# PROMPT
Retype all of the entries exactly as they appear.

________

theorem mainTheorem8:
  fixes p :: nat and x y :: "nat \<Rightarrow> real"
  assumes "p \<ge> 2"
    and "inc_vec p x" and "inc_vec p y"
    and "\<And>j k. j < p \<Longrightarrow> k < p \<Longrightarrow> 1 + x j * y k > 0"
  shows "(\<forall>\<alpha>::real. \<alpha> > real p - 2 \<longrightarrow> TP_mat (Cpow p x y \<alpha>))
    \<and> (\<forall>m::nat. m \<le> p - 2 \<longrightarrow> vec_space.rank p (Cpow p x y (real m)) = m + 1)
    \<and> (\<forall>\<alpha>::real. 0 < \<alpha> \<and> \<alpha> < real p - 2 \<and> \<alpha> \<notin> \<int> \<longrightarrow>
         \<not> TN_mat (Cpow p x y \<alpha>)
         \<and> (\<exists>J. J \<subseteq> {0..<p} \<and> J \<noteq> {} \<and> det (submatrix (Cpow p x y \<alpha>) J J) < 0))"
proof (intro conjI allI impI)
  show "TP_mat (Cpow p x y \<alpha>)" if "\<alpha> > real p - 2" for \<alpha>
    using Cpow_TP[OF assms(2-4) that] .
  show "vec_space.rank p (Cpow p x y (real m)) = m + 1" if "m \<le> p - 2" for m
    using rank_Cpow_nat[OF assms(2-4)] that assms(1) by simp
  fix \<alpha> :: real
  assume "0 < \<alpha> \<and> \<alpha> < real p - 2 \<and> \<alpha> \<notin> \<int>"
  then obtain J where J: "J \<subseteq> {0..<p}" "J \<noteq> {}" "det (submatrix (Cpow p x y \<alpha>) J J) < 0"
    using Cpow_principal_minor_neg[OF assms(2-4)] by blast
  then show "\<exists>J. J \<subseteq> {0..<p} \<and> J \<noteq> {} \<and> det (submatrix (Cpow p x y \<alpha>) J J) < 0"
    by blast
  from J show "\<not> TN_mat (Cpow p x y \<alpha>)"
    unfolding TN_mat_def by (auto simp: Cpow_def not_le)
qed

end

________

# RESULT
theorem mainTheorem8:
  fixes p :: nat and x y :: "nat \<Rightarrow> real"
  assumes "p \<ge> 2"
    and "inc_vec p x" and "inc_vec p y"
    and "\<And>j k. j < p \<Longrightarrow> k < p \<Longrightarrow> 1 + x j * y k > 0"
  shows "(\<forall>\<alpha>::real. \<alpha> > real p - 2 \<longrightarrow> TP_mat (Cpow p x y \<alpha>))
    \<and> (\<forall>m::nat. m \<le> p - 2 \<longrightarrow> vec_space.rank p (Cpow p x y (real m)) = m + 1)
    \<and> (\<forall>\<alpha>::real. 0 < \<alpha> \<and> \<alpha> < real p - 2 \<and> \<alpha> \<notin> \<int> \<longrightarrow>
         \<not> TN_mat (Cpow p x y \<alpha>)
         \<and> (\<exists>J. J \<subseteq> {0..<p} \<and> J \<noteq> {} \<and> det (submatrix (Cpow p x y \<alpha>) J J) < 0))"
proof (intro conjI allI impI)
  show "TP_mat (Cpow p x y \<alpha>)" if "\<alpha> > real p - 2" for \<alpha>
    using Cpow_TP[OF assms(2-4) that] .
  show "vec_space.rank p (Cpow p x y (real m)) = m + 1" if "m \<le> p - 2" for m
    using rank_Cpow_nat[OF assms(2-4)] that assms(1) by simp
  fix \<alpha> :: real
  assume "0 < \<alpha> \<and> \<alpha> < real p - 2 \<and> \<alpha> \<notin> \<int>"
  then obtain J where J: "J \<subseteq> {0..<p}" "J \<noteq> {}" "det (submatrix (Cpow p x y \<alpha>) J J) < 0"
    using Cpow_principal_minor_neg[OF assms(2-4)] by blast
  then show "\<exists>J. J \<subseteq> {0..<p} \<and> J \<noteq> {} \<and> det (submatrix (Cpow p x y \<alpha>) J J) < 0"
    by blast
  from J show "\<not> TN_mat (Cpow p x y \<alpha>)"
    unfolding TN_mat_def by (auto simp: Cpow_def not_le)
qed

end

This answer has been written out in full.